Paving options for a Patio

patio paving slabs

Types of Paving

There is a wide choice of paving to choose from when deciding on the type of paving to use for your patio. Paving is made from various different types of materials and come in various shapes and sizes.

The most widely available types are:

  • Budget to Mid-priced Range Concrete Square Slabs

    These paving slabs are readily available in large quantities at most builders merchants. Usually they are available as 450mm or 600mm square, while their thickness range from 20 to 30mm, and can be picked up from as little as £5/m² up to £15/m². While the profile and colour (they are usually pastel greys, yellows or pinks) of these slabs won’t fool anyone that they are real stone, they do provide an inexpensive option for paving a patio.

  • Quality Natural Stone Replica Slabs and Patio Kits

    More expensive paving slabs aim to reproduce the texture and weathered appearance of reclaimed natural stone which can otherwise only be achieved following decades of exposure to the elements. This weathered appearance is just what is needed to maintain the charm and character of a period property.

    A good example of quality natural stone replica paving would be the Olde York range from Stonecrete. An alternative is the Bradstone Old Town range of paving which replicates the naturally weathered York flagstones as found in the streets of London and numerous other cities and towns in the UK.

    Many quality replica paving slabs come in kits of mixed sizes which means that the finished area mimics the random effect obtained over a century ago when natural flagstones were hand cut and the size of each slab varied depending upon the size of the material available.

  • Quality Contemporary Paving

    Contemporary paving provide clean, sharp lines and angles combined with bold, consistent colouring to provide a modern, cutting edge and somewhat fashionable design which is perfect for minimalist, contemporary surroundings. Manufacturers of Contemporary paving usually aim to offer improved functionality, such as the slabs being easy to clean.

  • Natural Sandstone

    Natural Sandstone paving has become increasingly readily available over recent years, largely coming from Indian quarries. Its natural colour variations and profile makes for an interesting patio which can work well in period or modern surroundings. This, together with the fact that it is surprisingly inexpensive, makes Natural Sandstone Paving a very popular choice for a wide range of uses. It is available in a range of colours and can be bought roughly hand cut (to keep its natural appearance) or sawn (which gives a smooth, flat surface for a more modern look). Stonecrete offer a range of quality Natural Sandstone Paving which is very competitively priced.

Choosing the appropriate Paving for you


Patio pavingCost will generally have some effect on choosing the materials used for any home improvement project. However, whether you have a small or large budget, it’s worth thinking about what the difference in price between the paving options will mean to you and your surroundings. The difference between a good looking or a rather disappointing patio may be just a few pounds per square metre, but is any cost saving really worth it ?

Remember, paving will last for years, and if you want to change it, it will involve additional costs.

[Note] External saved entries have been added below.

(* Let $\mathcal{H}$ be a real Hilbert space, let $\ell\geq 0$, and let $g\in \Gamma_0(\mathcal{H})$ be such that its Legendre–Fenchel conjugate $g^{\ast}$ is bounded from below and $$\Vert x\Vert-\ell \leq \Vert \operatorname{prox}_g(x)\Vert \quad \text{for all } x\in \mathcal{H}.$$ Then $g(x)-g(0)\leq \ell \Vert x\Vert$ for all $x\in\mathcal{H}$. Moreover, if $\ell=0$, then $g$ is constant.
   Context: $\Gamma_0(\mathcal{H})$ denotes the set of proper, convex, lower semicontinuous functions $\mathcal{H}\to\mathbb{R}\cup\{+\infty\}$. The conjugate is $g^{\ast}(x^* )=\sup_{v\in\mathcal{H}}\{\langle x^*,v\rangle-g(v)\}$. For $g\in\Gamma_0(\mathcal{H})$, $\operatorname{prox}_g(x)=\operatorname{argmin}_{y\in\mathcal{H}}\{g(y)+\tfrac12\Vert x-y\Vert^2\}$. *)

theory Defs
  imports "HOL-Analysis.Analysis" "HOL-Library.Extended_Real"
begin

text \<open>Functions H -> R \<union> {+\<infinity>} are modelled as ereal-valued functions never taking -\<infinity>.\<close>

definition proper_fun :: "('a \<Rightarrow> ereal) \<Rightarrow> bool" where
  "proper_fun g \<longleftrightarrow> (\<forall>x. g x \<noteq> -\<infinity>) \<and> (\<exists>x. g x \<noteq> \<infinity>)"

definition convex_fun :: "('a::real_vector \<Rightarrow> ereal) \<Rightarrow> bool" where
  "convex_fun g \<longleftrightarrow> (\<forall>x y. \<forall>t::real. 0 \<le> t \<and> t \<le> 1 \<longrightarrow>
      g ((1 - t) *\<^sub>R x + t *\<^sub>R y) \<le> ereal (1 - t) * g x + ereal t * g y)"

definition lsc_fun :: "('a::topological_space \<Rightarrow> ereal) \<Rightarrow> bool" where
  "lsc_fun g \<longleftrightarrow> (\<forall>x. g x \<le> Liminf (at x) g)"

definition Gamma0 :: "('a::real_normed_vector \<Rightarrow> ereal) set" where
  "Gamma0 = {g. proper_fun g \<and> convex_fun g \<and> lsc_fun g}"

definition conjugate :: "('a::real_inner \<Rightarrow> ereal) \<Rightarrow> 'a \<Rightarrow> ereal" where
  "conjugate g xs = (SUP v. ereal (xs \<bullet> v) - g v)"
lemma powr_tangent_le:
  fixes a b p :: real assumes "p > 1" "a \<ge> 0" "b \<ge> 0"
  shows "a powr p + p * a powr (p - 1) * (b - a) \<le> b powr p"
proof -
  have "a powr (p - 1) * b \<le> (a powr (p - 1)) powr (p / (p - 1)) / (p / (p - 1)) + b powr p / p"
    by (rule Youngs_inequality) (use assms in \<open>auto simp: field_simps\<close>)
  also have "(a powr (p - 1)) powr (p / (p - 1)) = a powr p"
    using assms by (simp add: powr_powr)
  finally have "p * (a powr (p - 1) * b) \<le> a powr p * (p - 1) + b powr p"
    using assms by (simp add: field_simps)
  moreover have "a powr (p - 1) * a = a powr p"
    using powr_mult_self[OF assms(2), of "p - 1"] by simp
  ultimately show ?thesis by (simp add: algebra_simps)
qed

text \<open>Apply the tangent inequality at \<open>a\<close> and at the midpoint \<open>m\<close>; the slope at \<open>m\<close> is strictly
  larger in the direction of \<open>b - a\<close>.\<close>
lemma powr_tangent_less:
  fixes a b p :: real assumes "p > 1" "a > 0" "b \<ge> 0" "a \<noteq> b"
  shows "a powr p + p * a powr (p - 1) * (b - a) < b powr p"
proof -
  define m where "m = (a + b) / 2"
  define u v where "u = p * m powr (p - 1)" and "v = p * a powr (p - 1)"
  have m: "m > 0" "b - m = (b - a) / 2" "m - a = (b - a) / 2"
    using assms by (simp_all add: m_def field_simps)
  have upper: "m powr p + u * ((b - a) / 2) \<le> b powr p"
    using powr_tangent_le[of p m b] assms m unfolding u_def by simp
  have lower: "a powr p + v * ((b - a) / 2) \<le> m powr p"
    using powr_tangent_le[of p a m] assms m unfolding v_def by simp
  have "v * (b - a) < u * (b - a)"
  proof (cases "a < b")
    case True
    then have "a powr (p - 1) < m powr (p - 1)"
      using assms by (intro powr_less_mono2) (auto simp: m_def)
    with True assms show ?thesis by (simp add: u_def v_def)
  next
    case False
    then have "m powr (p - 1) < a powr (p - 1)"
      using assms m by (intro powr_less_mono2) (auto simp: m_def)
    with False assms show ?thesis by (simp add: u_def v_def)
  qed
  moreover have "u * ((b - a) / 2) = u * (b - a) / 2" "v * ((b - a) / 2) = v * (b - a) / 2"
    by simp_all
  ultimately show ?thesis
    using upper lower unfolding v_def by linarith
qed

text \<open>The gradient of \<open>z \<mapsto> \<parallel>z\<parallel> powr p\<close> (at \<open>z = 0\<close> only for \<open>p > 1\<close>).\<close>
definition powr_grad :: "real \<Rightarrow> 'a::real_inner \<Rightarrow> 'a" where
  "powr_grad p z = (p * norm z powr (p - 2)) *\<^sub>R z"
text \<open>Fix a code (i, \<sigma>) and m - lam sample points outside the compression sequence i. The voter
  reconstructed from (i, \<sigma>) does not depend on these points, so Maurer's lemma together with a
  Pinsker-type estimate of binomial weights bounds the expectation of exp (2 (m - lam) e^2) by
  xi (m - lam), where e is the deviation of its true loss from its loss on these points. Averaging
  over the prior and applying Markov's inequality, with probability at least 1 - \<delta> the P-average
  of exp (2 (m - lam) e^2) is at most xi (m - lam) / \<delta>. Self-complementation makes the gap between
  true and empirical loss change sign under \<sigma> \<mapsto> -\<sigma>, so for a posterior aligned on P the risk
  gap is at most the P-average of the absolute gap, which exceeds the P-average of |e| by at most
  lam / m; Jensen's inequality for the square and the exponential then yields the bound.\<close>

lemma expectation_binomial_pmf_Suc:
  fixes \<phi> :: "nat \<Rightarrow> real"
  assumes p: "p \<in> {0..1}"
  shows "measure_pmf.expectation (binomial_pmf (Suc n) p) \<phi> =
     (1 - p) * measure_pmf.expectation (binomial_pmf n p) \<phi>
     + p * measure_pmf.expectation (binomial_pmf n p) (\<lambda>k. \<phi> (Suc k))"
proof -
  have shift: "measure_pmf.expectation (binomial_pmf n p \<bind> (\<lambda>k. return_pmf (c + k))) \<phi> =
      measure_pmf.expectation (binomial_pmf n p) (\<lambda>k. \<phi> (c + k))" for c
    by (subst pmf_expectation_bind[where A="{..n}"])
       (use p in \<open>auto simp: expectation_binomial_pmf' set_pmf_binomial_eq\<close>)
  have "measure_pmf.expectation (binomial_pmf (Suc n) p) \<phi> =
     (\<Sum>b\<in>UNIV. pmf (bernoulli_pmf p) b *\<^sub>R
        measure_pmf.expectation (binomial_pmf n p \<bind> (\<lambda>k. return_pmf ((if b then 1 else 0) + k))) \<phi>)"
    unfolding binomial_pmf_Suc[OF p]
    by (rule pmf_expectation_bind) (use p in \<open>auto intro!: finite_set_pmf_binomial_pmf\<close>)
  then show ?thesis
    using p by (simp add: UNIV_bool shift)
qed

lemma integral_unit_interval:
  fixes g :: "'a \<Rightarrow> real"
  assumes "prob_space D" and "g \<in> borel_measurable D"
    and "\<And>z. z \<in> space D \<Longrightarrow> 0 \<le> g z \<and> g z \<le> 1"
  shows "integral\<^sup>L D g \<in> {0..1}"
proof -
  interpret prob_space D by fact
  have "integrable D g"
    using assms(2,3) by (intro integrable_const_bound[where B=1] AE_I2) auto
  then show ?thesis
    using assms(3) by (auto intro!: integral_ge_const integral_le_const AE_I2)
qed

definition below_unit_chords :: "(real \<Rightarrow> real) \<Rightarrow> bool" where
  "below_unit_chords f \<longleftrightarrow> (\<forall>s u. 0 \<le> u \<longrightarrow> u \<le> 1 \<longrightarrow> f (s + u) \<le> (1 - u) * f s + u * f (s + 1))"

lemma below_unit_chordsD:
  "below_unit_chords f \<Longrightarrow> 0 \<le> u \<Longrightarrow> u \<le> 1 \<Longrightarrow> f (s + u) \<le> (1 - u) * f s + u * f (s + 1)"
  unfolding below_unit_chords_def by blast

lemma below_unit_chords_shift:
  assumes "below_unit_chords f" shows "below_unit_chords (\<lambda>s. f (s + 1))"
  unfolding below_unit_chords_def
proof (intro allI impI)
  fix s u :: real assume "0 \<le> u" "u \<le> 1"
  then show "f (s + u + 1) \<le> (1 - u) * f (s + 1) + u * f (s + 1 + 1)"
    using below_unit_chordsD[OF assms, of u "s + 1"] by (simp add: algebra_simps)
qed

lemma exp_sq_below_unit_chords:
  assumes "0 \<le> c"
  shows "below_unit_chords (\<lambda>s. exp (c * (a - b * s)\<^sup>2))"
  unfolding below_unit_chords_def
proof (intro allI impI)
  fix s t :: real assume t: "0 \<le> t" "t \<le> 1"
  define x y where "x = a - b * s" and "y = a - b * (s + 1)"
  have "a - b * (s + t) = (1 - t) * x + t * y"
    unfolding x_def y_def by (simp add: algebra_simps)
  then have "(a - b * (s + t))\<^sup>2 \<le> (1 - t) * x\<^sup>2 + t * y\<^sup>2"
    using convex_onD[OF convex_power2, of t x y] t by simp
  then have "c * (a - b * (s + t))\<^sup>2 \<le> c * ((1 - t) * x\<^sup>2 + t * y\<^sup>2)"
    using assms by (rule mult_left_mono)
  then have "exp (c * (a - b * (s + t))\<^sup>2) \<le> exp ((1 - t) * (c * x\<^sup>2) + t * (c * y\<^sup>2))"
    by (simp add: algebra_simps)
  also have "\<dots> \<le> (1 - t) * exp (c * x\<^sup>2) + t * exp (c * y\<^sup>2)"
    using convex_onD[OF exp_convex, of t "c * x\<^sup>2" "c * y\<^sup>2"] t by simp
  finally show "exp (c * (a - b * (s + t))\<^sup>2)
      \<le> (1 - t) * exp (c * (a - b * s)\<^sup>2) + t * exp (c * (a - b * (s + 1))\<^sup>2)"
    unfolding x_def y_def .
qed

lemma nn_integral_below_unit_chords_le:
  assumes D: "prob_space D" and g[measurable]: "g \<in> borel_measurable D"
    and g01: "\<And>z. z \<in> space D \<Longrightarrow> 0 \<le> g z \<and> g z \<le> 1"
    and f0: "\<And>s. 0 \<le> f s" and f: "below_unit_chords f"
  shows "(\<integral>\<^sup>+y. ennreal (f (g y + s)) \<partial>D)
           \<le> ennreal ((1 - integral\<^sup>L D g) * f s + integral\<^sup>L D g * f (s + 1))"
proof -
  interpret prob_space D by (fact D)
  have ig: "integrable D g"
    by (rule integrable_const_bound[where B=1]) (use g01 in auto)
  have "(\<integral>\<^sup>+y. ennreal (f (g y + s)) \<partial>D) \<le> (\<integral>\<^sup>+y. ennreal ((1 - g y) * f s + g y * f (s + 1)) \<partial>D)"
    using g01 below_unit_chordsD[OF f, of "g _" s]
    by (intro nn_integral_mono ennreal_leI) (auto simp: add.commute)
  also have "\<dots> = ennreal (\<integral>y. (1 - g y) * f s + g y * f (s + 1) \<partial>D)"
    using ig g01 f0
    by (intro nn_integral_eq_integral AE_I2)
       (auto intro!: integrable_add integrable_mult_left integrable_diff add_nonneg_nonneg mult_nonneg_nonneg)
  also have "(\<integral>y. (1 - g y) * f s + g y * f (s + 1) \<partial>D)
      = (1 - integral\<^sup>L D g) * f s + integral\<^sup>L D g * f (s + 1)"
    using ig by (simp add: integral_add integral_diff algebra_simps prob_space)
  finally show ?thesis .
qed

text \<open>Maurer's lemma: for a convex function of a sum of independent [0,1]-valued variables,
  Bernoulli variables with the same mean are the worst case.\<close>
lemma nn_integral_sum_le_binomial_expectation:
  assumes D: "prob_space D" and g[measurable]: "g \<in> borel_measurable D"
    and g01: "\<And>z. z \<in> space D \<Longrightarrow> 0 \<le> g z \<and> g z \<le> 1"
    and T: "finite T"
    and f: "f \<in> borel_measurable borel" "\<And>s. 0 \<le> f s" "below_unit_chords f"
  shows "(\<integral>\<^sup>+y. ennreal (f (\<Sum>j\<in>T. g (y j))) \<partial>PiM T (\<lambda>_. D))
           \<le> ennreal (measure_pmf.expectation (binomial_pmf (card T) (integral\<^sup>L D g)) (\<lambda>k. f (real k)))"
proof -
  define p where "p = integral\<^sup>L D g"
  have p: "p \<in> {0..1}"
    unfolding p_def using D g g01 by (rule integral_unit_interval)
  interpret product_sigma_finite "\<lambda>_. D"
    by (simp add: product_sigma_finite_def prob_space_imp_sigma_finite D)
  show ?thesis
    unfolding p_def[symmetric] using T f
  proof (induction T arbitrary: f rule: finite_induct)
    case empty
    interpret prob_space "PiM {} (\<lambda>_. D)" by (rule prob_space_PiM) (rule D)
    show ?case using p by (simp add: emeasure_space_1 binomial_pmf_0)
  next
    case (insert t T)
    note f_meas[measurable] = insert.prems(1)
    let ?s = "\<lambda>x. \<Sum>j\<in>T. g (x j)"
    let ?E = "\<lambda>h. measure_pmf.expectation (binomial_pmf (card T) p) (\<lambda>k. h (real k))"
    have "(\<integral>\<^sup>+y. ennreal (f (\<Sum>j\<in>insert t T. g (y j))) \<partial>PiM (insert t T) (\<lambda>_. D))
        = (\<integral>\<^sup>+x. (\<integral>\<^sup>+y. ennreal (f (\<Sum>j\<in>insert t T. g ((x(t:=y)) j))) \<partial>D) \<partial>PiM T (\<lambda>_. D))"
      by (rule product_nn_integral_insert) (use insert in auto)
    also have "\<dots> = (\<integral>\<^sup>+x. (\<integral>\<^sup>+y. ennreal (f (g y + ?s x)) \<partial>D) \<partial>PiM T (\<lambda>_. D))"
    proof -
      have "(\<Sum>j\<in>T. g ((x(t:=y)) j)) = ?s x" for x y
        using insert(2) by (intro sum.cong) auto
      then show ?thesis using insert(1,2) by simp
    qed
    also have "\<dots> \<le> (\<integral>\<^sup>+x. ennreal (1 - p) * ennreal (f (?s x)) + ennreal p * ennreal (f (?s x + 1)) \<partial>PiM T (\<lambda>_. D))"
      using nn_integral_below_unit_chords_le[OF D g g01 insert.prems(2,3)] p insert.prems(2)
      unfolding p_def by (intro nn_integral_mono) (simp add: ennreal_plus ennreal_mult)
    also have "\<dots> = ennreal (1 - p) * (\<integral>\<^sup>+x. ennreal (f (?s x)) \<partial>PiM T (\<lambda>_. D))
        + ennreal p * (\<integral>\<^sup>+x. ennreal ((\<lambda>s. f (s + 1)) (?s x)) \<partial>PiM T (\<lambda>_. D))"
      by (subst nn_integral_add) (measurable, measurable, simp add: nn_integral_cmult)
    also have "\<dots> \<le> ennreal (1 - p) * ennreal (?E f) + ennreal p * ennreal (?E (\<lambda>s. f (s + 1)))"
      using insert.prems below_unit_chords_shift[OF insert.prems(3)]
      by (intro add_mono mult_left_mono insert.IH) auto
    also have "\<dots> = ennreal ((1 - p) * ?E f + p * ?E (\<lambda>s. f (s + 1)))"
      using p insert.prems(2) by (simp add: ennreal_plus ennreal_mult integral_nonneg_AE)
    also have "(1 - p) * ?E f + p * ?E (\<lambda>s. f (s + 1))
        = measure_pmf.expectation (binomial_pmf (card (insert t T)) p) (\<lambda>k. f (real k))"
      using insert(1,2) p by (simp add: expectation_binomial_pmf_Suc add.commute)
    finally show ?case .
  qed
qed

A further point to consider is that there is more to a patio than just the paving slabs. It is actually possible to make a more attractive patio using cheaper paving slabs wisely than by using more expensive slabs with little thought to the overall design. Using a number of paved levels, including paved shapes, adding plants or accessories will usually draw the attention away from the actual paving slabs and improve the look of even the cheapest slabs.


The choice of slab and the design of your patio needs to be in keeping with the character of your house and garden. Creating an area of paving which, once finished, does not fit in with the surroundings will lead to disappointment and probably you will feel that you have wasted both time and money.

If an ultra-modern, shiny area of paving were attached to a quaint country cottage, it would not only look out of place but would tend to highlight any small imperfections of the house.


Before deciding on the type of paving, consider what the patio will primarily be used for. Smooth paving can be slippery when wet and will become even worse if surface mould accumulates. Riven slabs are less likely to become slippery but their uneven surface may cause any table and chairs to wobble.

Also, consider how much weight you need the paving to support; all are designed to allow pedestrian traffic but only the very thickest of paving slabs on a very firm sub-base will suit vehicular use.

Laying and other costs

Certain types of paving slabs need more time to lay than others, so if you are paying someone to lay your patio, they will charge more.

Budget paving slabs should be quicker to lay as each slab is identical in shape, profile and thickness and can often just be laid on a bed of compacted sand using dry sand brushed into the joints.

High end replica slabs and natural sandstone are full of character but will probably need more time to lay as the spaces between slabs will vary and the art is in arranging the slabs so that the joints don’t vary too much. Because of their varying thicknesses and their tapered edges, they will probably need a full bed of concrete and mortar joints in excess of 100mm. However, the end result will probably be worth the time and effort.

When laying a random effect or mixed size patio kit, extra time will be required to plan the layout before actually starting to lay the slabs.